Our system is much harder for defendants grappling with mental illness; I'll acknowledge and argue for change regarding that. I don't know that such change would conclude with "Swartz should never have been accused of committing a crime that a lot of evidence suggests he committed," however.
Your point that Swartz would have had a different result had he formed an LLC, and hired a bunch of lawyers, is definitely the key point here. A legal system that only works for the rich and powerful is not something we should defend, support, or put up with.
His purpose in copying research papers and making them available for free is massively more in the public interest than anything the AI companies are doing. They are, after all, seeking to make a profit at the end of this. And they knowingly and deliberately broke copyright law because it was "too hard" to make any kind of licensing deal with the publishers. You can argue about fair use and transformative purposes (as their lawyers have done), but you can also argue from Swartz's point of view that this information was (to a large extent) publicly funded and therefore belonged to the public, and trying to get the journals to acknowledge that is "too hard". And had he been able to afford lawyers, that's a possible line they could have taken. But he didn't get the chance. As you say, we never got to the trial so we will never know.
It's definitely not a stretch to say that his crime and the AI companies' crimes (which they admit to - they admit to downloading source texts from pirate sites) are comparable, even equivalent. Yet their treatment is not.
My understanding of his treatment is that it was a lot more than "light compulsion" and that he underwent a sustained campaign of enforcement activity and litigation at the hands of a specific prosecutor. But given that the AI companies have had nothing - no criminal charges - just a civil case brought by the authors they admit to ripping off, then I don't think I need to push this point. They are clearly being treated differently to him, despite the similar actions.

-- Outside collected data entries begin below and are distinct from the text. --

lemma cap_area_law:
  assumes C: "condition_C X D"
    and ab: "-\<epsilon> < a" "a < c" "c < b" "b < \<epsilon>" and slope: "f b - f a = f1 c * (b - a)"
  shows "integral {a..b} (\<lambda>t. f a + f1 c * (t - a) - f t) = 2/3 * (b - a) * (f a + f1 c * (c - a) - f c)"
proof -
  let ?line = "\<lambda>t. f a + f1 c * (t - a)"
  have "measure lebesgue (cap_region D (a, f a) (b, f b) (c, f c)) =
      4/3 * triangle_area (a, f a) (b, f b) (c, f c)"
  proof (rule C[unfolded condition_C_def, rule_format], intro conjI)
    show "(c, f c) \<in> X" "(a, f a) \<in> X" "(b, f b) \<in> X" using ab by (auto intro: graph_in_X)
    show "tangent_direction X (c, f c) (1, f1 c)" using ab by (auto intro: tangent_direction_graph)
    show "(a, f a) \<noteq> (b, f b)" using ab by simp
    show "cross2 ((b, f b) - (a, f a)) (1, f1 c) = 0" using slope by (simp add: cross2_def)
  qed
  moreover have "measure lebesgue (cap_region D (a, f a) (b, f b) (c, f c)) =
      integral {a..b} (\<lambda>t. ?line t - f t)"
    unfolding cap_region_eq_between_graphs[OF ab slope]
  proof (rule measure_between_graphs)
    show "continuous_on {a..b} f" using ab by (auto intro: continuous_on_subset[OF continuous_on_f])
    show "f t \<le> ?line t" if "t \<in> {a..b}" for t
      using graph_below_chord[OF _ _ _ _ slope, of t] that ab slope by (cases "t = a \<or> t = b") auto
  qed (use ab in \<open>auto intro!: continuous_intros\<close>)
  moreover have "triangle_area (a, f a) (b, f b) (c, f c) = (b - a) * (?line c - f c) / 2"
  proof -
    have fb: "f b = f a + f1 c * (b - a)" using slope by simp
    have "cross2 ((b, f b) - (a, f a)) ((c, f c) - (a, f a)) = - ((b - a) * (?line c - f c))"
      by (simp add: cross2_def fb algebra_simps)
    moreover have "0 < (b - a) * (?line c - f c)"
      using ab slope graph_below_chord[of a c b] by simp
    ultimately show ?thesis by (simp add: triangle_area_def)
  qed
  ultimately show ?thesis by simp
qed

lemma chord_width_curvature:
  assumes C: "condition_C X D" and pos: "\<And>t. t \<in> {-\<epsilon><..<\<epsilon>} \<Longrightarrow> 0 < f2 t"
    and ab: "-\<epsilon> < a0" "a0 < c" "c < b0" "b0 < \<epsilon>" and slope: "f b0 - f a0 = f1 c * (b0 - a0)"
  shows "(b0 - a0)\<^sup>2 * f2 c = 8 * (f a0 - f c - f1 c * (a0 - c))"
proof -
  define \<phi> where "\<phi> t = f t - f c - f1 c * (t - c)" for t
  have interval: "t \<in> {-\<epsilon><..<\<epsilon>}" if "t \<in> {a0..b0}" for t using that ab by auto
  interpret archimedes_valley \<phi> "\<lambda>t. f1 t - f1 c" f2 a0 c b0
  proof
    fix t assume "t \<in> {a0..b0}"
    then show "(\<phi> has_real_derivative f1 t - f1 c) (at t)"
      "((\<lambda>t. f1 t - f1 c) has_real_derivative f2 t) (at t)" "0 < f2 t"
      unfolding \<phi>_def using deriv[OF interval] pos[OF interval] by (auto intro!: derivative_eq_intros)
  next
    fix a b assume "a0 \<le> a" "a < c" "c < b" "b \<le> b0" "\<phi> a = \<phi> b"
    then show "integral {a..b} (\<lambda>t. \<phi> a - \<phi> t) = 2/3 * (b - a) * \<phi> a"
      using cap_area_law[OF C, of a c b] ab by (simp add: \<phi>_def algebra_simps)
  qed (use ab slope in \<open>auto simp: \<phi>_def algebra_simps\<close>)
  have "isCont f2 c" using deriv[OF interval, of c] ab by (auto intro: DERIV_isCont)
  then show ?thesis unfolding \<phi>_def[symmetric] by (rule width_sq_curvature_eq)
qed

lemma integral_eq_trapezoid_minus_cap:
  assumes C: "condition_C X D"
    and ab: "-\<epsilon> < a" "a < c" "c < b" "b < \<epsilon>" and slope: "f b - f a = f1 c * (b - a)"
  shows "integral {a..b} f = (b - a) * (f a + f b) / 2 - 2/3 * (b - a) * (f a + f1 c * (c - a) - f c)"
proof -
  let ?line = "\<lambda>t. f a + f1 c * (t - a)"
  have "(?line has_integral (b - a) * (f a + f b) / 2) {a..b}"
  proof -
    have fb: "f b = f a + f1 c * (b - a)" using slope by simp
    have "(?line has_integral (f a * b + f1 c * (b - a)\<^sup>2 / 2) - (f a * a + f1 c * (a - a)\<^sup>2 / 2)) {a..b}"
      using ab by (intro fundamental_theorem_of_calculus)
        (auto intro!: derivative_eq_intros simp: has_real_derivative_iff_has_vector_derivative[symmetric])
    moreover have "(f a * b + f1 c * (b - a)\<^sup>2 / 2) - (f a * a + f1 c * (a - a)\<^sup>2 / 2) = (b - a) * (f a + f b) / 2"
      unfolding fb by (simp add: power2_eq_square field_simps)
    ultimately show ?thesis by metis
  qed
  moreover have "f integrable_on {a..b}"
    using ab by (intro integrable_continuous_interval continuous_on_subset[OF continuous_on_f]) auto
  ultimately have "integral {a..b} (\<lambda>t. ?line t - f t) = (b - a) * (f a + f b) / 2 - integral {a..b} f"
    by (intro integral_unique has_integral_diff integrable_integral)
  then show ?thesis using cap_area_law[OF C ab slope] by linarith
qed

lemma origin_chord_identities:
  assumes C: "condition_C X D" and pos: "\<And>t. t \<in> {-\<epsilon><..<\<epsilon>} \<Longrightarrow> 0 < f2 t" and f0: "f 0 = 0"
    and x: "\<bar>x\<bar> < \<epsilon>" "x \<noteq> 0" and u: "min 0 x < u" "u < max 0 x" and tangent: "x * f1 u = f x"
  shows "x ^ 3 * f2 u = 8 * (f x * u - x * f u) \<and>
    x * f x = 4/3 * (f x * u - x * f u) + 2 * (LBINT t=ereal 0..ereal x. f t)"
proof -
  define a0 b0 where "a0 = min 0 x" and "b0 = max 0 x"
  define h where "h = f1 u * u - f u"
  have ab: "-\<epsilon> < a0" "a0 < u" "u < b0" "b0 < \<epsilon>" using u x by (auto simp: a0_def b0_def)
  have ends: "f a0 = f1 u * a0" "f b0 = f1 u * b0"
    using f0 tangent by (auto simp: a0_def b0_def min_def max_def mult.commute)
  then have slope: "f b0 - f a0 = f1 u * (b0 - a0)" by (simp add: algebra_simps)
  have "(b0 - a0)\<^sup>2 * f2 u = 8 * (f a0 - f u - f1 u * (a0 - u))"
    by (rule chord_width_curvature[OF C pos ab slope])
  moreover have "(b0 - a0)\<^sup>2 = x\<^sup>2" by (auto simp: a0_def b0_def min_def max_def)
  moreover have "f a0 - f u - f1 u * (a0 - u) = h" using ends by (simp add: h_def algebra_simps)
  ultimately have width: "x\<^sup>2 * f2 u = 8 * h" by simp
  have "integral {a0..b0} f = (b0 - a0) * (f a0 + f b0) / 2 - 2/3 * (b0 - a0) * (f a0 + f1 u * (u - a0) - f u)"
    by (rule integral_eq_trapezoid_minus_cap[OF C ab slope])
  moreover have "b0 - a0 = \<bar>x\<bar>" by (auto simp: a0_def b0_def)
  moreover have "f a0 + f b0 = f x" using f0 by (auto simp: a0_def b0_def min_def max_def)
  moreover have "f a0 + f1 u * (u - a0) - f u = h" using ends by (simp add: h_def algebra_simps)
  ultimately have area: "integral {a0..b0} f = \<bar>x\<bar> * f x / 2 - 2/3 * \<bar>x\<bar> * h"
    by (simp only:)
  have "continuous_on {a0..b0} f"
    using ab by (intro continuous_on_subset[OF continuous_on_f]) auto
  then have "(LBINT t=ereal 0..ereal x. f t) = x * f x / 2 - 2/3 * x * h"
    using interval_integral_eq_signed_integral[of 0 x f] area x(2)
    by (auto simp: a0_def b0_def min_def max_def)
  moreover have "f x * u - x * f u = x * h"
    by (simp add: h_def algebra_simps tangent[symmetric])
  moreover have "x ^ 3 * f2 u = x * (x\<^sup>2 * f2 u)" by (simp add: power2_eq_square power3_eq_cube)
  ultimately show ?thesis using width by simp
qed

end

lemma openin_graph_restrict:
  fixes f :: "real \<Rightarrow> real"
  assumes graph: "X \<inter> ball (0, 0) r = {(t, f t) | t. t \<in> {-\<delta><..<\<delta>}} \<inter> ball (0, 0) r"
    and sub: "{-\<epsilon><..<\<epsilon>} \<subseteq> {-\<delta><..<\<delta>}" and small: "\<And>t. t \<in> {-\<epsilon><..<\<epsilon>} \<Longrightarrow> (t, f t) \<in> ball (0, 0) r"
  shows "openin (top_of_set X) ((\<lambda>t. (t, f t)) ` {-\<epsilon><..<\<epsilon>})"
proof -
  have "(\<lambda>t. (t, f t)) ` {-\<epsilon><..<\<epsilon>} = X \<inter> (ball (0, 0) r \<inter> {p. -\<epsilon> < fst p \<and> fst p < \<epsilon>})"
  proof (intro equalityI subsetI)
    fix p assume "p \<in> (\<lambda>t. (t, f t)) ` {-\<epsilon><..<\<epsilon>}"
    then obtain t where t: "t \<in> {-\<epsilon><..<\<epsilon>}" "p = (t, f t)" by auto
    then have "p \<in> {(t, f t) | t. t \<in> {-\<delta><..<\<delta>}} \<inter> ball (0, 0) r"
      using sub small by blast
    then have "p \<in> X \<inter> ball (0, 0) r" by (simp only: graph)
    then show "p \<in> X \<inter> (ball (0, 0) r \<inter> {p. -\<epsilon> < fst p \<and> fst p < \<epsilon>})"
      using t by simp
  next
    fix p assume p: "p \<in> X \<inter> (ball (0, 0) r \<inter> {p. -\<epsilon> < fst p \<and> fst p < \<epsilon>})"
    then have "p \<in> {(t, f t) | t. t \<in> {-\<delta><..<\<delta>}}" using graph by blast
    then obtain t where "p = (t, f t)" by blast
    then show "p \<in> (\<lambda>t. (t, f t)) ` {-\<epsilon><..<\<epsilon>}" using p by auto
  qed
  moreover have "open (ball (0, 0) r \<inter> {p :: real \<times> real. -\<epsilon> < fst p \<and> fst p < \<epsilon>})"
    by (intro open_Int open_ball open_Collect_conj open_Collect_less continuous_intros)
  ultimately show ?thesis
    unfolding openin_open by blast
qed

lemma convex_graph_chart_exists:
  fixes X D :: "(real \<times> real) set" and f f1 f2 f3 :: "real \<Rightarrow> real"
  assumes curve: "strictly_convex_curve X D" and "0 < \<delta>"
    and deriv: "\<forall>t\<in>{-\<delta><..<\<delta>}. (f has_real_derivative f1 t) (at t) \<and>
      (f1 has_real_derivative f2 t) (at t) \<and> (f2 has_real_derivative f3 t) (at t)"
    and f3: "continuous_on {-\<delta><..<\<delta>} f3" and convex: "strictly_convex_fun_on {-\<delta><..<\<delta>} f"
    and "f 0 = 0" "0 < f2 0"
    and "0 < r" and graph: "X \<inter> ball (0, 0) r = {(t, f t) | t. t \<in> {-\<delta><..<\<delta>}} \<inter> ball (0, 0) r"
  obtains \<epsilon> where "0 < \<epsilon>" "convex_graph_chart X D f f1 f2 f3 \<epsilon>" "\<And>t. t \<in> {-\<epsilon><..<\<epsilon>} \<Longrightarrow> 0 < f2 t"
proof -
  have "0 \<in> {-\<delta><..<\<delta>}" using \<open>0 < \<delta>\<close> by simp
  then have "isCont f 0" "isCont f2 0" using deriv by (auto intro: DERIV_isCont)
  then have "(f \<longlongrightarrow> f 0) (nhds 0)" "(f2 \<longlongrightarrow> f2 0) (nhds 0)"
    by (simp_all add: isCont_def tendsto_at_iff_tendsto_nhds)
  then have "\<forall>\<^sub>F t in nhds 0. dist (f t) (f 0) < r / 2" "\<forall>\<^sub>F t in nhds 0. 0 < f2 t"
    using \<open>0 < r\<close> \<open>0 < f2 0\<close> by (intro tendstoD order_tendstoD(1); simp)+
  moreover have "\<forall>\<^sub>F t in nhds 0. t \<in> {-\<delta><..<\<delta>}"
    using \<open>0 \<in> {-\<delta><..<\<delta>}\<close> by (intro eventually_nhds_in_open) auto
  ultimately have "\<forall>\<^sub>F t in nhds 0. \<bar>f t\<bar> < r / 2 \<and> 0 < f2 t \<and> t \<in> {-\<delta><..<\<delta>}"
    by eventually_elim (simp add: dist_real_def \<open>f 0 = 0\<close>)
  then obtain e where e: "0 < e" "\<And>t. \<bar>t\<bar> < e \<Longrightarrow> \<bar>f t\<bar> < r / 2 \<and> 0 < f2 t \<and> t \<in> {-\<delta><..<\<delta>}"
    unfolding eventually_nhds_metric dist_real_def by auto
  define \<epsilon> where "\<epsilon> = min e (r / 2)"
  have small: "\<bar>t\<bar> < e" "\<bar>t\<bar> < r / 2" if "t \<in> {-\<epsilon><..<\<epsilon>}" for t
    using that by (auto simp: \<epsilon>_def)
  have sub: "{-\<epsilon><..<\<epsilon>} \<subseteq> {-\<delta><..<\<delta>}" using e(2) small(1) by auto
  have "(t, f t) \<in> ball (0, 0) r" if "t \<in> {-\<epsilon><..<\<epsilon>}" for t
    using norm_Pair_le[of t "f t"] small[OF that] e(2)[OF small(1)[OF that]]
    by (simp add: dist_norm norm_Pair)
  with graph sub have "openin (top_of_set X) ((\<lambda>t. (t, f t)) ` {-\<epsilon><..<\<epsilon>})"
    by (rule openin_graph_restrict)
  then have "convex_graph_chart X D f f1 f2 f3 \<epsilon>"
  proof unfold_locales
    show "open D" "convex D" "X = frontier D"
      using curve unfolding strictly_convex_curve_def by auto
    show "continuous_on {-\<epsilon><..<\<epsilon>} f3" by (rule continuous_on_subset[OF f3 sub])
    show "strictly_convex_fun_on {-\<epsilon><..<\<epsilon>} f"
      using convex sub unfolding strictly_convex_fun_on_def by blast
  qed (use deriv sub in blast)
  moreover have "0 < f2 t" if "t \<in> {-\<epsilon><..<\<epsilon>}" for t
    using e(2) small(1)[OF that] by blast
  moreover have "0 < \<epsilon>" using e(1) \<open>0 < r\<close> by (simp add: \<epsilon>_def)
  ultimately show ?thesis using that by blast
qed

That's the thing about copyright; it's a whole category of law more based in utility than morality. One of the reasons AI is such a fight right now is that nobody was opposing it as an academic project when it was generating, for example, tools that could go from an image to describing the image, or from an image to recognizing the likely artistic style and helping somebody find the original artist. But with just a few tweaks those tools became devices for generating novel images, and now people are upset. Intent matters.
And again, you are drawing equivalence between harvesting data from openly accessible sources online and hiding a server in a closet with unauthorized physical access to a network. Swartz's prosecution wasn't accusing him of copyright violation; it was accusing him of compromising a network. A far more serious charge; if the researchers in the story here had collected those YouTube videos by wiretapping the fiber optics between two of Google's data centers I suspect they would have concerns.